__What the exercise asks__. Nothing in the entries may be altered; copy them all exactly.

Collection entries
--------------------------------
lemma list_prod_shorten:
  fixes N :: nat
  assumes W: "W \<subseteq> carrier G" "\<And>h x. h \<in> carrier G \<Longrightarrow> x \<in> W \<Longrightarrow> h \<otimes> x \<otimes> inv h \<in> W"
    "finite W"
    and N: "N > 0" "\<And>t. t \<in> W \<Longrightarrow> t [^] N = \<one>"
  shows "set xs \<subseteq> W \<Longrightarrow>
    \<exists>ys. set ys \<subseteq> W \<and> length ys \<le> card W * N \<and> list_prod G ys = list_prod G xs"
proof (induct "length xs" arbitrary: xs rule: less_induct)
  case less
  show ?case
  proof (cases "length xs \<le> card W * N")
    case True
    then show ?thesis using less.prems by blast
  next
    case False
    have "\<exists>t\<in>W. N \<le> count_list xs t"
    proof (rule ccontr)
      assume "\<not> ?thesis"
      then have "sum (count_list xs) W \<le> sum (\<lambda>_. N) W"
        by (intro sum_mono) auto
      then show False using sum_count_set[OF less.prems W(3)] False by simp
    qed
    then obtain t where t: "t \<in> W" "N \<le> count_list xs t" by blast
    obtain ys where ys: "set ys \<subseteq> W" "length ys + count_list xs t = length xs"
        "list_prod G xs = t [^] count_list xs t \<otimes> list_prod G ys"
      using list_prod_collect[OF W(1,2) t(1) less.prems] by blast
    define k where "k = count_list xs t - N"
    have tc: "t \<in> carrier G" using t W by auto
    have "t [^] count_list xs t = t [^] k \<otimes> t [^] N"
      using t tc by (simp add: nat_pow_mult k_def)
    then have "list_prod G xs = list_prod G (replicate k t @ ys)"
      using ys tc W N(2)[OF t(1)] by (subst list_prod_append) (auto simp: list_prod_replicate)
    moreover have "length (replicate k t @ ys) < length xs"
      using ys t N(1) unfolding k_def by simp
    moreover have "set (replicate k t @ ys) \<subseteq> W"
      using ys t by auto
    ultimately show ?thesis using less.hyps by metis
  qed
qed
--------------------------------
__Expected output__.
lemma list_prod_shorten:
  fixes N :: nat
  assumes W: "W \<subseteq> carrier G" "\<And>h x. h \<in> carrier G \<Longrightarrow> x \<in> W \<Longrightarrow> h \<otimes> x \<otimes> inv h \<in> W"
    "finite W"
    and N: "N > 0" "\<And>t. t \<in> W \<Longrightarrow> t [^] N = \<one>"
  shows "set xs \<subseteq> W \<Longrightarrow>
    \<exists>ys. set ys \<subseteq> W \<and> length ys \<le> card W * N \<and> list_prod G ys = list_prod G xs"
proof (induct "length xs" arbitrary: xs rule: less_induct)
  case less
  show ?case
  proof (cases "length xs \<le> card W * N")
    case True
    then show ?thesis using less.prems by blast
  next
    case False
    have "\<exists>t\<in>W. N \<le> count_list xs t"
    proof (rule ccontr)
      assume "\<not> ?thesis"
      then have "sum (count_list xs) W \<le> sum (\<lambda>_. N) W"
        by (intro sum_mono) auto
      then show False using sum_count_set[OF less.prems W(3)] False by simp
    qed
    then obtain t where t: "t \<in> W" "N \<le> count_list xs t" by blast
    obtain ys where ys: "set ys \<subseteq> W" "length ys + count_list xs t = length xs"
        "list_prod G xs = t [^] count_list xs t \<otimes> list_prod G ys"
      using list_prod_collect[OF W(1,2) t(1) less.prems] by blast
    define k where "k = count_list xs t - N"
    have tc: "t \<in> carrier G" using t W by auto
    have "t [^] count_list xs t = t [^] k \<otimes> t [^] N"
      using t tc by (simp add: nat_pow_mult k_def)
    then have "list_prod G xs = list_prod G (replicate k t @ ys)"
      using ys tc W N(2)[OF t(1)] by (subst list_prod_append) (auto simp: list_prod_replicate)
    moreover have "length (replicate k t @ ys) < length xs"
      using ys t N(1) unfolding k_def by simp
    moreover have "set (replicate k t @ ys) \<subseteq> W"
      using ys t by auto
    ultimately show ?thesis using less.hyps by metis
  qed
qed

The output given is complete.